Demand charges: The premise and the pitfalls
There’s no doubt that SRP’s demand charges have had a real-world effect. SolarCity reported a 96-percent drop in sales after the plan was introduced. And GTM Research data shows that solar installations in SRP territory “cratered” in the second half of 2015, as GTM Research solar analyst Cory Honeyman put it, and have remained a shadow of their former selves since then.
“Even with some companies saying that they can still make solar work in the territory, with things like storage or other demand-management strategies, the market in SRP still is not close to the capacity it was prior to the demand charges,” GTM Research solar analyst Allison Mond said.
In the meantime, SRP has issued an RFP for 100 megawatts of renewables, with a minimum project size of 25 megawatts. It’s also tapped into the falling cost of batteries for grid-scale energy storage, with a 20-year power-purchase agreement for 20 megawatts of lithium-ion batteries alongside the same amount of new solar PV.
But for small residential and solar customers, the demand charges, which apply only to solar customers, are still too high for the solar-storage economics to work out, Honeyman said.
SRP’s demand charges are an extreme example of a rising trend. Utilities have proposed demand charges in states including Arizona, California, Massachusetts, Oklahoma, Texas, Ohio and North Carolina, with varying degrees of success.
In Arizona, investor-owned utility Arizona Public Service tried to bring mandatory demand rates to all residential and small-commercial customers, but was fought back by consumer and solar advocates, and ultimately agreed to a settlement that made the rate purely optional.
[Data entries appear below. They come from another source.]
lemma expectation_pds_vertices_prod:
  assumes "0 \<le> \<rho>" "\<rho> \<le> 1" "n \<ge> 1" "\<And>b. g b \<ge> 0" "\<And>b. h b \<ge> 0"
  shows "measure_pmf.expectation (pds_vertices n \<rho>) (\<lambda>v. g (v 1) * (\<Prod>j\<in>{2..n}. h (v j)))
    = (\<rho> * g True + (1-\<rho>) * g False) * (\<rho> * h True + (1-\<rho>) * h False)^(n-1)"
proof -
  define f where "f i = (if i = (1::nat) then g else h)" for i
  have split: "{1..n} = insert 1 {2..n}" using assms(3) by auto
  have "g (v 1) * (\<Prod>j\<in>{2..n}. h (v j)) = (\<Prod>i\<in>{1..n}. f i (v i))" for v :: "nat \<Rightarrow> bool"
    unfolding split by (simp add: f_def)
  then have "measure_pmf.expectation (pds_vertices n \<rho>) (\<lambda>v. g (v 1) * (\<Prod>j\<in>{2..n}. h (v j)))
      = (\<Prod>i\<in>{1..n}. measure_pmf.expectation (bernoulli_pmf \<rho>) (f i))"
    unfolding pds_vertices_def
    by (simp, intro expectation_prod_Pi_pmf) (auto simp: integrable_measure_pmf_finite f_def assms)
  also have "\<dots> = (\<rho> * g True + (1-\<rho>) * g False) * (\<rho> * h True + (1-\<rho>) * h False)^(n-1)"
    unfolding split using assms by (simp add: f_def algebra_simps)
  finally show ?thesis .
qed

lemma bernoulli_mgf_nonneg:
  fixes p t :: real
  assumes "0 \<le> p" "p \<le> 1"
  shows "0 \<le> 1 + p * (exp t - 1)"
proof -
  have "0 \<le> (1 - p) + p * exp t" using assms by simp
  then show ?thesis by (simp add: algebra_simps)
qed

lemma expectation_exp_centered_degree_1_given:
  assumes n: "n \<ge> 2" and q: "0 \<le> q0" "q0 \<le> q1" "q1 \<le> 1"
  shows "measure_pmf.expectation (pds_edges n q0 q1 v)
      (\<lambda>Y. exp (t * (degree_1 n Y - real (n-1) * (q0 + of_bool (v 1) * (q1 - q0) * \<rho>))))
    = (if v 1
       then exp (- t * real (n-1) * (q0 + (q1 - q0) * \<rho>)) *
         (\<Prod>j\<in>{2..n}. 1 + (q0 + (q1 - q0) * of_bool (v j)) * (exp t - 1))
       else exp (- t * real (n-1) * q0) * (1 + q0 * (exp t - 1))^(n-1))"
proof -
  define c where "c = exp (- t * real (n-1) * (q0 + of_bool (v 1) * (q1 - q0) * \<rho>))"
  have "measure_pmf.expectation (pds_edges n q0 q1 v)
      (\<lambda>Y. exp (t * (degree_1 n Y - real (n-1) * (q0 + of_bool (v 1) * (q1 - q0) * \<rho>))))
    = measure_pmf.expectation (pds_edges n q0 q1 v) (\<lambda>Y. c * exp (t * degree_1 n Y))"
    by (simp add: c_def algebra_simps flip: exp_add)
  also have "\<dots> = c * measure_pmf.expectation (pds_edges n q0 q1 v) (\<lambda>Y. exp (t * degree_1 n Y))"
    by (rule integral_mult_right_zero)
  finally show ?thesis
    using n by (cases "v 1") (simp_all add: expectation_exp_degree_1[OF q] c_def mult_ac)
qed

lemma expectation_exp_centered_degree_1:
  assumes n: "n \<ge> 2" and \<rho>: "0 \<le> \<rho>" "\<rho> \<le> 1" and q: "0 \<le> q0" "q0 \<le> q1" "q1 \<le> 1"
  defines "p \<equiv> q0 + (q1 - q0) * \<rho>"
  shows "measure_pmf.expectation (pds n \<rho> q0 q1)
      (\<lambda>(v, Y). exp (t * (degree_1 n Y - real (n-1) * (q0 + of_bool (v 1) * (q1 - q0) * \<rho>))))
    = \<rho> * (exp (- t * real (n-1) * p) * (1 + p * (exp t - 1))^(n-1))
      + (1 - \<rho>) * (exp (- t * real (n-1) * q0) * (1 + q0 * (exp t - 1))^(n-1))"
proof -
  define h where "h b = 1 + (q0 + (q1 - q0) * of_bool b) * (exp t - 1)" for b
  define g1 where "g1 b = of_bool b * exp (- t * real (n-1) * p)" for b
  define g0 where "g0 b = of_bool (\<not> b) * (exp (- t * real (n-1) * q0) * (1 + q0 * (exp t - 1))^(n-1))"
    for b
  have h: "0 \<le> h b" for b
    unfolding h_def using q by (intro bernoulli_mgf_nonneg) (cases b; simp)+
  have g0: "0 \<le> g0 b" for b
    unfolding g0_def using q bernoulli_mgf_nonneg[of q0 t] by simp
  have "measure_pmf.expectation (pds n \<rho> q0 q1)
      (\<lambda>(v, Y). exp (t * (degree_1 n Y - real (n-1) * (q0 + of_bool (v 1) * (q1 - q0) * \<rho>))))
    = measure_pmf.expectation (pds_vertices n \<rho>)
        (\<lambda>v. g1 (v 1) * (\<Prod>j\<in>{2..n}. h (v j)) + g0 (v 1) * (\<Prod>j\<in>{2..n}. 1))"
    unfolding expectation_pds prod.case expectation_exp_centered_degree_1_given[OF n q]
    by (intro Bochner_Integration.integral_cong) (auto simp: g1_def g0_def h_def p_def)
  also have "\<dots> = measure_pmf.expectation (pds_vertices n \<rho>) (\<lambda>v. g1 (v 1) * (\<Prod>j\<in>{2..n}. h (v j)))
      + measure_pmf.expectation (pds_vertices n \<rho>) (\<lambda>v. g0 (v 1) * (\<Prod>j\<in>{2..n}. 1))"
    by (intro Bochner_Integration.integral_add integrable_measure_pmf_finite finite_set_pds_vertices)
  also have "\<dots> = (\<rho> * g1 True + (1-\<rho>) * g1 False) * (\<rho> * h True + (1-\<rho>) * h False)^(n-1)
      + (\<rho> * g0 True + (1-\<rho>) * g0 False) * (\<rho> * 1 + (1-\<rho>) * 1)^(n-1)"
  proof -
    have "measure_pmf.expectation (pds_vertices n \<rho>) (\<lambda>v. g1 (v 1) * (\<Prod>j\<in>{2..n}. h (v j)))
        = (\<rho> * g1 True + (1-\<rho>) * g1 False) * (\<rho> * h True + (1-\<rho>) * h False)^(n-1)"
      by (rule expectation_pds_vertices_prod) (use n \<rho> h in \<open>auto simp: g1_def\<close>)
    moreover have "measure_pmf.expectation (pds_vertices n \<rho>) (\<lambda>v. g0 (v 1) * (\<Prod>j\<in>{2..n}. 1))
        = (\<rho> * g0 True + (1-\<rho>) * g0 False) * (\<rho> * 1 + (1-\<rho>) * 1)^(n-1)"
      by (rule expectation_pds_vertices_prod) (use n \<rho> g0 in auto)
    ultimately show ?thesis by (simp only:)
  qed
  also have "\<rho> * h True + (1-\<rho>) * h False = 1 + p * (exp t - 1)"
    by (simp add: h_def p_def algebra_simps)
  finally show ?thesis
    by (simp add: g1_def g0_def)
qed

lemma exp_le_one_plus_quadratic:
  fixes t :: real
  assumes "\<bar>t\<bar> \<le> 1"
  shows "exp t \<le> 1 + t + t^2"
proof (cases "t \<ge> 0")
  case True
  then show ?thesis using exp_bound[of t] assms by simp
next
  case False
  define s where "s = -t"
  have s: "0 < s" "s \<le> 1" using False assms by (auto simp: s_def)
  have "exp t * (1 + s) \<le> 1"
    using exp_ge_add_one_self[of s] s by (simp add: s_def exp_minus field_simps)
  moreover have "(1 - s + s^2) * (1 + s) = 1 + s^3"
    by (simp add: algebra_simps power2_eq_square power3_eq_cube)
  moreover have "0 \<le> s^3" using s by simp
  ultimately have "exp t * (1 + s) \<le> (1 - s + s^2) * (1 + s)"
    by linarith
  then have "exp t \<le> 1 - s + s^2"
    using s by (simp add: mult_le_cancel_right)
  then show ?thesis
    by (simp add: s_def)
qed

lemma chernoff_factor_le:
  fixes p t :: real and m :: nat
  assumes p: "0 \<le> p" "p \<le> 1" and t: "\<bar>t\<bar> \<le> 1"
  shows "exp (- t * real m * p) * (1 + p * (exp t - 1))^m \<le> exp (real m * p * t^2)"
proof -
  have "(1 + p * (exp t - 1))^m \<le> (exp (p * (exp t - 1)))^m"
    using bernoulli_mgf_nonneg[OF p] by (intro power_mono exp_ge_add_one_self) auto
  also have "\<dots> = exp (real m * (p * (exp t - 1)))"
    by (rule exp_of_nat_mult[symmetric])
  finally have "exp (- t * real m * p) * (1 + p * (exp t - 1))^m
      \<le> exp (- t * real m * p) * exp (real m * (p * (exp t - 1)))"
    by (intro mult_left_mono) auto
  also have "\<dots> = exp (- t * real m * p + real m * (p * (exp t - 1)))"
    by (simp only: exp_add)
  also have "- t * real m * p + real m * (p * (exp t - 1)) \<le> real m * p * t^2"
  proof -
    have "real m * p * (exp t - 1) \<le> real m * p * (t + t^2)"
      using exp_le_one_plus_quadratic[OF t] p by (intro mult_left_mono) auto
    then show ?thesis by (simp add: algebra_simps)
  qed
  finally show ?thesis by simp
qed

lemma centered_degree_1_mgf_le:
  assumes n: "n \<ge> 2" and \<rho>: "0 \<le> \<rho>" "\<rho> \<le> 1" and q: "0 \<le> q0" "q0 \<le> q1" "q1 \<le> 1"
    and t: "\<bar>t\<bar> \<le> 1"
  shows "measure_pmf.expectation (pds n \<rho> q0 q1)
      (\<lambda>(v, Y). exp (t * (degree_1 n Y - real (n-1) * (q0 + of_bool (v 1) * (q1 - q0) * \<rho>))))
    \<le> exp (real (n-1) * (q0 + (q1 - q0) * \<rho>) * t^2)"
proof -
  define p where "p = q0 + (q1 - q0) * \<rho>"
  have p: "q0 \<le> p" "p \<le> 1"
    using q \<rho> mult_left_le[of \<rho> "q1 - q0"] by (auto simp: p_def)
  have "\<rho> * (exp (- t * real (n-1) * p) * (1 + p * (exp t - 1))^(n-1))
      + (1 - \<rho>) * (exp (- t * real (n-1) * q0) * (1 + q0 * (exp t - 1))^(n-1))
    \<le> \<rho> * exp (real (n-1) * p * t^2) + (1 - \<rho>) * exp (real (n-1) * q0 * t^2)"
    using \<rho> q p by (intro add_mono mult_left_mono chernoff_factor_le t) auto
  also have "\<dots> \<le> \<rho> * exp (real (n-1) * p * t^2) + (1 - \<rho>) * exp (real (n-1) * p * t^2)"
  proof -
    have "real (n-1) * q0 * t^2 \<le> real (n-1) * p * t^2"
      using p by (intro mult_right_mono mult_left_mono) auto
    then show ?thesis using \<rho> by (intro add_mono mult_left_mono) auto
  qed
  finally show ?thesis
    unfolding expectation_exp_centered_degree_1[OF n \<rho> q] p_def by (simp add: algebra_simps)
qed

lemma exp_abs_le_exp_add_exp_minus: "exp \<bar>x\<bar> \<le> exp x + exp (- x :: real)"
  by (cases "x \<ge> 0") (simp_all add: add_increasing add_increasing2)

lemma estimator_error_sq_le_exp:
  fixes N S q0 q1 \<rho> r :: real and b :: bool
  assumes N: "N > 0" and q: "q0 < q1" and \<rho>: "\<rho> > 0" and r: "0 < r" "r \<le> 1"
  defines "X \<equiv> N * (q1 - q0) * \<rho>"
    and "w \<equiv> S - N * (q0 + of_bool b * (q1 - q0) * \<rho>)"
  shows "(tau k (1 / ((q1 - q0) * \<rho>) * (1 / N * S - q0)) - of_bool b)^2
    \<le> real (2*k+1)^2 * r^(2*k) / (256 * 16^k)
      * (exp (18 * real (k+1) / (r * X) * w) + exp (- (18 * real (k+1) / (r * X) * w)))"
proof -
  define a where "a = 18 * real (k+1) / (r * X)"
  have X: "X > 0" using N q \<rho> by (simp add: X_def)
  have "1 / ((q1 - q0) * \<rho>) * (1 / N * S - q0) = of_bool b + w / X"
    using N q \<rho> by (simp add: X_def w_def field_simps)
  then have "(tau k (1 / ((q1 - q0) * \<rho>) * (1 / N * S - q0)) - of_bool b)^2
      \<le> real (2*k+1)^2 * r^(2*k) / (256 * 16^k) * exp (18 * real (k+1) / r * \<bar>w / X\<bar>)"
    using tau_error_sq_le_exp[of "of_bool b" r k "w / X"] r by simp
  also have "18 * real (k+1) / r * \<bar>w / X\<bar> = \<bar>a * w\<bar>"
    using X r by (simp add: a_def abs_mult abs_divide)
  also have "real (2*k+1)^2 * r^(2*k) / (256 * 16^k) * exp \<bar>a * w\<bar>
      \<le> real (2*k+1)^2 * r^(2*k) / (256 * 16^k) * (exp (a * w) + exp (- (a * w)))"
    using r by (intro mult_left_mono exp_abs_le_exp_add_exp_minus) auto
  finally show ?thesis
    by (simp add: a_def)
qed

lemma expectation_estimator_error_le:
  assumes n: "n \<ge> 2" and \<rho>: "0 < \<rho>" "\<rho> \<le> 1" and q: "0 \<le> q0" "q0 < q1" "q1 \<le> 1"
    and r: "0 < r" "r \<le> 1"
    and scale: "18 * real (k+1) / r \<le> real (n-1) * (q1 - q0) * \<rho>"
  defines "\<mu> \<equiv> 18 * real (k+1) / (r * (real (n-1) * (q1 - q0) * \<rho>))"
  shows "measure_pmf.expectation (pds n \<rho> q0 q1)
      (\<lambda>(v, Y). (tau k (1 / ((q1 - q0) * \<rho>) *
        (1 / real (n - 1) * (\<Sum>i=2..n. of_bool (Y (1, i))) - q0)) - of_bool (v 1))^2)
    \<le> 2 * (real (2*k+1)^2 * r^(2*k) / (256 * 16^k))
      * exp (real (n-1) * (q0 + (q1 - q0) * \<rho>) * \<mu>^2)"
proof -
  define N where "N = real (n-1)"
  define K where "K = real (2*k+1)^2 * r^(2*k) / (256 * 16^k)"
  define w where "w v Y = degree_1 n Y - N * (q0 + of_bool (v 1) * (q1 - q0) * \<rho>)"
    for v :: "nat \<Rightarrow> bool" and Y
  have N: "N > 0" using n by (simp add: N_def)
  have K: "K \<ge> 0" using r by (simp add: K_def)
  have "\<mu> = 18 * real (k+1) / r / (N * (q1 - q0) * \<rho>)"
    by (simp add: \<mu>_def N_def)
  moreover have "18 * real (k+1) / r \<le> N * (q1 - q0) * \<rho>" "N * (q1 - q0) * \<rho> > 0"
    using scale N q \<rho> by (simp_all add: N_def)
  ultimately have \<mu>: "0 \<le> \<mu>" "\<mu> \<le> 1"
    using r by (simp_all add: divide_le_eq mult.commute)
  have pointwise: "(tau k (1 / ((q1 - q0) * \<rho>) *
        (1 / real (n - 1) * (\<Sum>i=2..n. of_bool (Y (1, i))) - q0)) - of_bool (v 1))^2
      \<le> K * (exp (\<mu> * w v Y) + exp (- \<mu> * w v Y))" for v Y
    using estimator_error_sq_le_exp[OF N q(2) \<rho>(1) r, where S = "degree_1 n Y" and b = "v 1" and k = k]
    by (simp add: K_def \<mu>_def w_def N_def degree_1_def)
  have mgf: "measure_pmf.expectation (pds n \<rho> q0 q1) (\<lambda>(v, Y). exp (t * w v Y))
      \<le> exp (N * (q0 + (q1 - q0) * \<rho>) * \<mu>^2)" if "t = \<mu> \<or> t = - \<mu>" for t
    using centered_degree_1_mgf_le[OF n _ \<rho>(2) q(1) _ q(3), of t] that \<mu> \<rho> q
    by (auto simp: w_def N_def)
  have int: "integrable (measure_pmf (pds n \<rho> q0 q1)) f" for f :: "_ \<Rightarrow> real"
    by (rule integrable_measure_pmf_finite[OF finite_set_pds])
  have "measure_pmf.expectation (pds n \<rho> q0 q1)
      (\<lambda>(v, Y). (tau k (1 / ((q1 - q0) * \<rho>) *
        (1 / real (n - 1) * (\<Sum>i=2..n. of_bool (Y (1, i))) - q0)) - of_bool (v 1))^2)
    \<le> measure_pmf.expectation (pds n \<rho> q0 q1)
      (\<lambda>(v, Y). K * (exp (\<mu> * w v Y) + exp (- \<mu> * w v Y)))"
    using pointwise by (intro integral_mono int) auto
  also have "\<dots> = K * (measure_pmf.expectation (pds n \<rho> q0 q1) (\<lambda>(v, Y). exp (\<mu> * w v Y))
      + measure_pmf.expectation (pds n \<rho> q0 q1) (\<lambda>(v, Y). exp (- \<mu> * w v Y)))"
    by (simp add: case_prod_unfold Bochner_Integration.integral_add[OF int int])
  also have "\<dots> \<le> K * (2 * exp (N * (q0 + (q1 - q0) * \<rho>) * \<mu>^2))"
    using mgf[of \<mu>] mgf[of "- \<mu>"] K by (intro mult_left_mono) auto
  finally show ?thesis by (simp add: K_def N_def)
qed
In January, Massachusetts utility Eversource received regulatory approval for a mandatory demand chargefor residential solar customers, and has since been challenged in court.
All of these new rates are meant to serve the higher cause of balancing the costs and benefits of customer-owned solar between those that have it and those that don’t. Demand charges, in their various forms, are commonly based on a customer’s peak usage -- the moment they’re putting their maximum share of stress on the grid -- as a way to more accurately link prices to costs.
“Demand charges are intended to more equitably compensate for grid usage, since infrastructure is built for capacity,” MJ Shiao, GTM Research head of Americas. But he cautioned that SRP’s example shows that, “if they're not carefully considered or calculated, demand charges can have a strongly negative impact on local distributed generation.”